Kündigt der Vermieter einem Mieter die Wohnung wegen Eigenbedarfs, so reicht es für die Begründung des Schreibens aus, wenn das Kündigungsschreiben den Kündigungsgrund so bezeichnet, dass er identifiziert und von anderen Gründen unterschieden werden kann.

Der BGH befasste sich kürzlich mit den Voraussetzungen der Eigenbedarfskündigung: Dem Rechtsstreit, welcher durch alle drei Instanzen ging, lag ein sehr üblicher Sachverhalt zugrunde: Die Vermieter einer Münchener Wohnung hatte der Mieterin aufgrund Eigenbedarfs ihre Einzimmerwohnung zu Ende 2009 gekündigt. Dabei gaben sie an, die Wohnung solle nunmehr von ihrer eigenen Tochter genutzt werden, welche sich zum Zeitpunkt der Kündigung noch wegen eines Auslandstudiums in Neuseeland befände. Nach deren Rückkehr in Dezember 2009 wolle die Tochter die Wohnung selbst beziehen und ihr Studium weiterführen. Eine Rückkehr der Tochter in das Haus der Vermieter selbst sei ausgeschlossen, da das frühere Zimmer der Tochter mittlerweile von deren Schwester genutzt werde.

Die Mieterin empfand diese Kündigung als ungerechtfertigt und weigerte sich die Wohnung zum angegebenen Zeitpunkt zu verlassen. Die Vermieter erhoben sodann Räumungsklage, welcher das Amtsgericht München stattgab. Die hiergegen gerichtete Berufung der Mieterin hatte Erfolg, so dass nunmehr der BGH sich mit der Frage auseinanderzusetzen hatte, ob die obigen Begründung für eine Eigenbedarfskündigung ausreiche.

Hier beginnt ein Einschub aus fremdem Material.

definition rclause :: "frm \<Rightarrow> frm \<Rightarrow> frm \<Rightarrow> frm" where
  "rclause g a b = uclose (Imp (Conj (Neg (Neg g)) a) b)"

text \<open>\<open>tr_s\<close> of the S-rule \<open>L1 \<leftrightarrow> L2 \<Leftarrow> G\<close>.\<close>
fun tr_s :: "lit \<Rightarrow> lit \<Rightarrow> frm \<Rightarrow> frm" where
  "tr_s (PosL p1 t1) (PosL p2 t2) g =
     conj_list [rclause g (Atom p1 t1) (Atom p2 t2), rclause g (Atom p2 t2) (Atom p1 t1),
                rclause g (Atom (hat p1) t1) (Atom (hat p2) t2),
                rclause g (Atom (hat p2) t2) (Atom (hat p1) t1)]"
| "tr_s (NegL p1 t1) (NegL p2 t2) g =
     conj_list [rclause g (Atom p1 t1) (Atom p2 t2), rclause g (Atom p2 t2) (Atom p1 t1),
                rclause g (Atom (hat p1) t1) (Atom (hat p2) t2),
                rclause g (Atom (hat p2) t2) (Atom (hat p1) t1)]"
| "tr_s (NegL p1 t1) (PosL p2 t2) g =
     conj_list [rclause g (Atom (hat p1) t1) (Atom p2 t2), rclause g (Atom p2 t2) (Atom (hat p1) t1),
                rclause g (Atom p1 t1) (Atom (hat p2) t2),
                rclause g (Atom (hat p2) t2) (Atom p1 t1)]"
| "tr_s (PosL p1 t1) (NegL p2 t2) g =
     conj_list [rclause g (Atom (hat p1) t1) (Atom p2 t2), rclause g (Atom p2 t2) (Atom (hat p1) t1),
                rclause g (Atom p1 t1) (Atom (hat p2) t2),
                rclause g (Atom (hat p2) t2) (Atom p1 t1)]"

fun pos_atoms :: "lit list \<Rightarrow> (psym \<times> trm list) list" where
  "pos_atoms [] = []"
| "pos_atoms (PosL p ts # ls) = (p, ts) # pos_atoms ls"
| "pos_atoms (NegL p ts # ls) = pos_atoms ls"

fun neg_atoms :: "lit list \<Rightarrow> (psym \<times> trm list) list" where
  "neg_atoms [] = []"
| "neg_atoms (PosL p ts # ls) = neg_atoms ls"
| "neg_atoms (NegL p ts # ls) = (p, ts) # neg_atoms ls"

text \<open>\<open>tr_d\<close> of the D-rule \<open>\<Or>head \<Leftarrow> G\<close>.\<close>
definition tr_d :: "lit list \<Rightarrow> frm \<Rightarrow> frm" where
  "tr_d hs g = uclose (Imp
     (Conj (Neg (Neg g))
        (conj_list (map (\<lambda>(p, ts). Disj (Atom (hat p) ts) (Neg (Atom (hat p) ts))) (pos_atoms hs)
                  @ map (\<lambda>(p, ts). Disj (Atom p ts) (Neg (Atom p ts))) (neg_atoms hs))))
     (disj_list (map (\<lambda>(p, ts). Atom p ts) (pos_atoms hs)
                 @ map (\<lambda>(p, ts). Atom (hat p) ts) (neg_atoms hs))))"

definition CC :: "(string \<times> nat) list \<Rightarrow> frm" where
  "CC ps = conj_list (map (\<lambda>(n, k).
      Conj (foldr All [0..<k] (Neg (Conj (Atom (Orig n k) (map Var [0..<k]))
                                         (Atom (Hat n k) (map Var [0..<k])))))
           (foldr All [0..<k] (Neg (Conj (Neg (Atom (Orig n k) (map Var [0..<k])))
                                         (Neg (Atom (Hat n k) (map Var [0..<k]))))))) ps)"

definition kripke_model ::
  "('w \<Rightarrow> 'w \<Rightarrow> bool) \<Rightarrow> ('w \<Rightarrow> 'u set) \<Rightarrow> (string \<Rightarrow> 'u list \<Rightarrow> 'u)
     \<Rightarrow> ('w \<Rightarrow> psym \<Rightarrow> 'u list \<Rightarrow> bool) \<Rightarrow> bool" where
  "kripke_model le D fn I \<longleftrightarrow>
     (\<forall>w. le w w) \<and> (\<forall>u v w. le u v \<longrightarrow> le v w \<longrightarrow> le u w) \<and>
     (\<forall>w. D w \<noteq> {}) \<and> (\<forall>w v. le w v \<longrightarrow> D w \<subseteq> D v) \<and>
     (\<forall>w f as. set as \<subseteq> D w \<longrightarrow> fn f as \<in> D w) \<and>
     (\<forall>w v P as. le w v \<longrightarrow> I w P as \<longrightarrow> I v P as)"

fun evalt :: "(string \<Rightarrow> 'u list \<Rightarrow> 'u) \<Rightarrow> (var \<Rightarrow> 'u) \<Rightarrow> trm \<Rightarrow> 'u" where
  "evalt fn e (Var x) = e x"
| "evalt fn e (Fn f ts) = fn f (map (evalt fn e) ts)"

fun forces ::
  "('w \<Rightarrow> 'w \<Rightarrow> bool) \<Rightarrow> ('w \<Rightarrow> 'u set) \<Rightarrow> (string \<Rightarrow> 'u list \<Rightarrow> 'u)
     \<Rightarrow> ('w \<Rightarrow> psym \<Rightarrow> 'u list \<Rightarrow> bool) \<Rightarrow> 'w \<Rightarrow> (var \<Rightarrow> 'u) \<Rightarrow> frm \<Rightarrow> bool" where
  "forces le D fn I w e Bot = False"
| "forces le D fn I w e (Atom P ts) = I w P (map (evalt fn e) ts)"
| "forces le D fn I w e (Neg a) = (\<forall>v. le w v \<longrightarrow> \<not> forces le D fn I v e a)"
| "forces le D fn I w e (Conj a b) = (forces le D fn I w e a \<and> forces le D fn I w e b)"
| "forces le D fn I w e (Disj a b) = (forces le D fn I w e a \<or> forces le D fn I w e b)"
| "forces le D fn I w e (Imp a b) =
     (\<forall>v. le w v \<longrightarrow> forces le D fn I v e a \<longrightarrow> forces le D fn I v e b)"
| "forces le D fn I w e (All x a) =
     (\<forall>v. le w v \<longrightarrow> (\<forall>d\<in>D v. forces le D fn I v (e(x := d)) a))"
| "forces le D fn I w e (Ex x a) = (\<exists>d\<in>D w. forces le D fn I w (e(x := d)) a)"

end

theory Submission
  imports Defs
begin

(*
  Under the completeness constraints the atom standing for the complement of a literal behaves,
  at every world, as a strong negation of the atom standing for the literal: the two are never
  forced together and no world refutes both. In Kripke semantics the translations then speak
  about the up-sets a1, b1, a2, b2 of worlds forcing L1, its complement, L2 and its complement,
  inside the up-set where the guard holds: tr_s says a1 = a2 and b1 = b2, and the two D-rules say
  (b1 or not b1) and (a2 or not a2) entail a1 or b2, resp. (a1 or not a1) and (b2 or not b2)
  entail b1 or a2. For such up-set pairs these are equivalent. For instance, from a1 we get
  not b2, because a later b2 would yield b1 or a2 by the second rule, both excluded; then the
  second rule itself gives a2.
*)

definition upclosed :: "('w \<Rightarrow> 'w \<Rightarrow> bool) \<Rightarrow> ('w \<Rightarrow> bool) \<Rightarrow> bool" where
  "upclosed le P \<longleftrightarrow> (\<forall>v u. le v u \<longrightarrow> P v \<longrightarrow> P u)"

definition up_neg :: "('w \<Rightarrow> 'w \<Rightarrow> bool) \<Rightarrow> ('w \<Rightarrow> bool) \<Rightarrow> 'w \<Rightarrow> bool" where
  "up_neg le P v \<longleftrightarrow> (\<forall>u. le v u \<longrightarrow> \<not> P u)"

lemma disj_rule_of_equivs:
  assumes trans: "transp le"
    and g: "upclosed le g"
    and exhaustive: "\<And>v. le x v \<Longrightarrow> g v \<Longrightarrow> \<not> (up_neg le a1 v \<and> up_neg le b1 v)"
    and a: "\<And>v. le x v \<Longrightarrow> g v \<Longrightarrow> a1 v \<longleftrightarrow> a2 v"
    and b: "\<And>v. le x v \<Longrightarrow> g v \<Longrightarrow> b1 v \<longleftrightarrow> b2 v"
    and v: "le x v" "g v"
    and b1: "b1 v \<or> up_neg le b1 v" and a2: "a2 v \<or> up_neg le a2 v"
  shows "a1 v \<or> b2 v"
proof (cases "a2 v \<or> b1 v")
  case True
  then show ?thesis using a b v by blast
next
  case False
  then have "up_neg le a2 v" "up_neg le b1 v" using a2 b1 by auto
  then have "up_neg le a1 v"
    using a v transpD[OF trans] g unfolding up_neg_def upclosed_def by blast
  with \<open>up_neg le b1 v\<close> show ?thesis using exhaustive v by blast
qed

lemma equiv_of_disj_rule:
  assumes trans: "transp le"
    and g: "upclosed le g" and a1: "upclosed le a1"
    and disjoint1: "\<And>v. le x v \<Longrightarrow> g v \<Longrightarrow> \<not> (a1 v \<and> b1 v)"
    and disjoint2: "\<And>v. le x v \<Longrightarrow> g v \<Longrightarrow> \<not> (a2 v \<and> b2 v)"
    and rule: "\<And>v. le x v \<Longrightarrow> g v \<Longrightarrow> a1 v \<or> up_neg le a1 v \<Longrightarrow> b2 v \<or> up_neg le b2 v
      \<Longrightarrow> b1 v \<or> a2 v"
    and v: "le x v" "g v" "a1 v"
  shows "a2 v"
proof -
  have "up_neg le b2 v"
    unfolding up_neg_def
  proof (intro allI impI notI)
    fix u assume "le v u" "b2 u"
    moreover have "le x u" "g u" "a1 u"
      using \<open>le v u\<close> v transpD[OF trans] g a1 unfolding upclosed_def by blast+
    ultimately show False using rule disjoint1 disjoint2 by blast
  qed
  then show "a2 v" using rule v disjoint1 by blast
qed

lemma equivs_iff_disj_rules:
  assumes trans: "transp le"
    and g: "upclosed le g"
    and up: "upclosed le a1" "upclosed le b1" "upclosed le a2" "upclosed le b2"
    and disjoint: "\<And>v. le x v \<Longrightarrow> g v \<Longrightarrow> \<not> (a1 v \<and> b1 v)"
      "\<And>v. le x v \<Longrightarrow> g v \<Longrightarrow> \<not> (a2 v \<and> b2 v)"
    and exhaustive: "\<And>v. le x v \<Longrightarrow> g v \<Longrightarrow> \<not> (up_neg le a1 v \<and> up_neg le b1 v)"
      "\<And>v. le x v \<Longrightarrow> g v \<Longrightarrow> \<not> (up_neg le a2 v \<and> up_neg le b2 v)"
  shows "(\<forall>v. le x v \<longrightarrow> g v \<longrightarrow> (a1 v \<longleftrightarrow> a2 v) \<and> (b1 v \<longleftrightarrow> b2 v)) \<longleftrightarrow>
    (\<forall>v. le x v \<longrightarrow> g v \<longrightarrow>
      (b1 v \<or> up_neg le b1 v \<longrightarrow> a2 v \<or> up_neg le a2 v \<longrightarrow> a1 v \<or> b2 v) \<and>
      (a1 v \<or> up_neg le a1 v \<longrightarrow> b2 v \<or> up_neg le b2 v \<longrightarrow> b1 v \<or> a2 v))"
    (is "?equivs \<longleftrightarrow> ?rules")
proof
  assume ?equivs
  then have a: "\<And>v. le x v \<Longrightarrow> g v \<Longrightarrow> a1 v \<longleftrightarrow> a2 v"
    and b: "\<And>v. le x v \<Longrightarrow> g v \<Longrightarrow> b1 v \<longleftrightarrow> b2 v" by blast+
  show ?rules
    using disj_rule_of_equivs[OF trans g exhaustive(1) a b]
      disj_rule_of_equivs[of le g x b1 a1 b2 a2, OF trans g _ b a] exhaustive(1)
    by blast
next
  assume ?rules
  then have r1: "\<And>v. le x v \<Longrightarrow> g v \<Longrightarrow> b1 v \<or> up_neg le b1 v \<Longrightarrow> a2 v \<or> up_neg le a2 v
      \<Longrightarrow> a1 v \<or> b2 v"
    and r2: "\<And>v. le x v \<Longrightarrow> g v \<Longrightarrow> a1 v \<or> up_neg le a1 v \<Longrightarrow> b2 v \<or> up_neg le b2 v
      \<Longrightarrow> b1 v \<or> a2 v" by blast+
  have "a1 v \<longrightarrow> a2 v" "a2 v \<longrightarrow> a1 v" "b1 v \<longrightarrow> b2 v" "b2 v \<longrightarrow> b1 v" if "le x v" "g v" for v
    using equiv_of_disj_rule[OF trans g up(1) disjoint r2]
      equiv_of_disj_rule[of le g a2 x b2 a1 b1, OF trans g up(3)]
      equiv_of_disj_rule[of le g b1 x a1 b2 a2, OF trans g up(2)]
      equiv_of_disj_rule[of le g b2 x a2 b1 a1, OF trans g up(4)]
      disjoint r1 r2 that
    by blast+
  then show ?equivs by blast
qed

lemma finite_fvt: "finite (fvt t)"
  by (induction t) auto

lemma finite_fv: "finite (fv a)"
  by (induction a) (auto simp: finite_fvt)

lemma evalt_cong: "\<forall>x\<in>fvt t. e x = e' x \<Longrightarrow> evalt fn e t = evalt fn e' t"
  by (induction t) (auto cong: map_cong)

lemma forces_cong:
  "\<forall>x\<in>fv a. e x = e' x \<Longrightarrow> forces le D fn I w e a = forces le D fn I w e' a"
proof (induction a arbitrary: w e e')
  case (Atom P ts)
  then show ?case by (auto intro!: arg_cong[where f = "I w P"] evalt_cong)
next
  case (All x a)
  have "forces le D fn I v (e(x := d)) a = forces le D fn I v (e'(x := d)) a" for v d
    using All.prems by (intro All.IH) auto
  then show ?case by simp
next
  case (Ex x a)
  have "forces le D fn I w (e(x := d)) a = forces le D fn I w (e'(x := d)) a" for d
    using Ex.prems by (intro Ex.IH) auto
  then show ?case by simp
next
  case (Neg a)
  have "forces le D fn I v e a = forces le D fn I v e' a" for v
    using Neg.prems by (intro Neg.IH) auto
  then show ?case by simp
next
  case (Conj a b)
  have "forces le D fn I v e a = forces le D fn I v e' a"
    and "forces le D fn I v e b = forces le D fn I v e' b" for v
    using Conj.prems by (intro Conj.IH; auto)+
  then show ?case by simp
next
  case (Disj a b)
  have "forces le D fn I v e a = forces le D fn I v e' a"
    and "forces le D fn I v e b = forces le D fn I v e' b" for v
    using Disj.prems by (intro Disj.IH; auto)+
  then show ?case by simp
next
  case (Imp a b)
  have "forces le D fn I v e a = forces le D fn I v e' a"
    and "forces le D fn I v e b = forces le D fn I v e' b" for v
    using Imp.prems by (intro Imp.IH; auto)+
  then show ?case by simp
qed simp

lemma compl_compl [simp]: "compl (compl L) = L"
  by (cases L) simp_all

Dies bejahte der BGH und stellte in seinem Urteil fest, dass dem in § 573 Absatz 3 BGB enthaltenen Begründungserfordernis für eine Kündigung des Vermieters Genüge getan wird, wenn das Kündigungsschreiben den Kündigungsgrund so bezeichnet, dass er identifiziert und von anderen Gründen unterschieden werden kann. Es reiche grundsätzlich aus, wenn aus der Kündigungsbegründung ersichtlich sei, welche Person mit welchem Interesse die Wohnung in Zukunft nutzen werde. Auf Gründe, die dem Mieter schon bekannt sind, brauche in dem Kündigungsschreiben nicht mehr eingegangen werden.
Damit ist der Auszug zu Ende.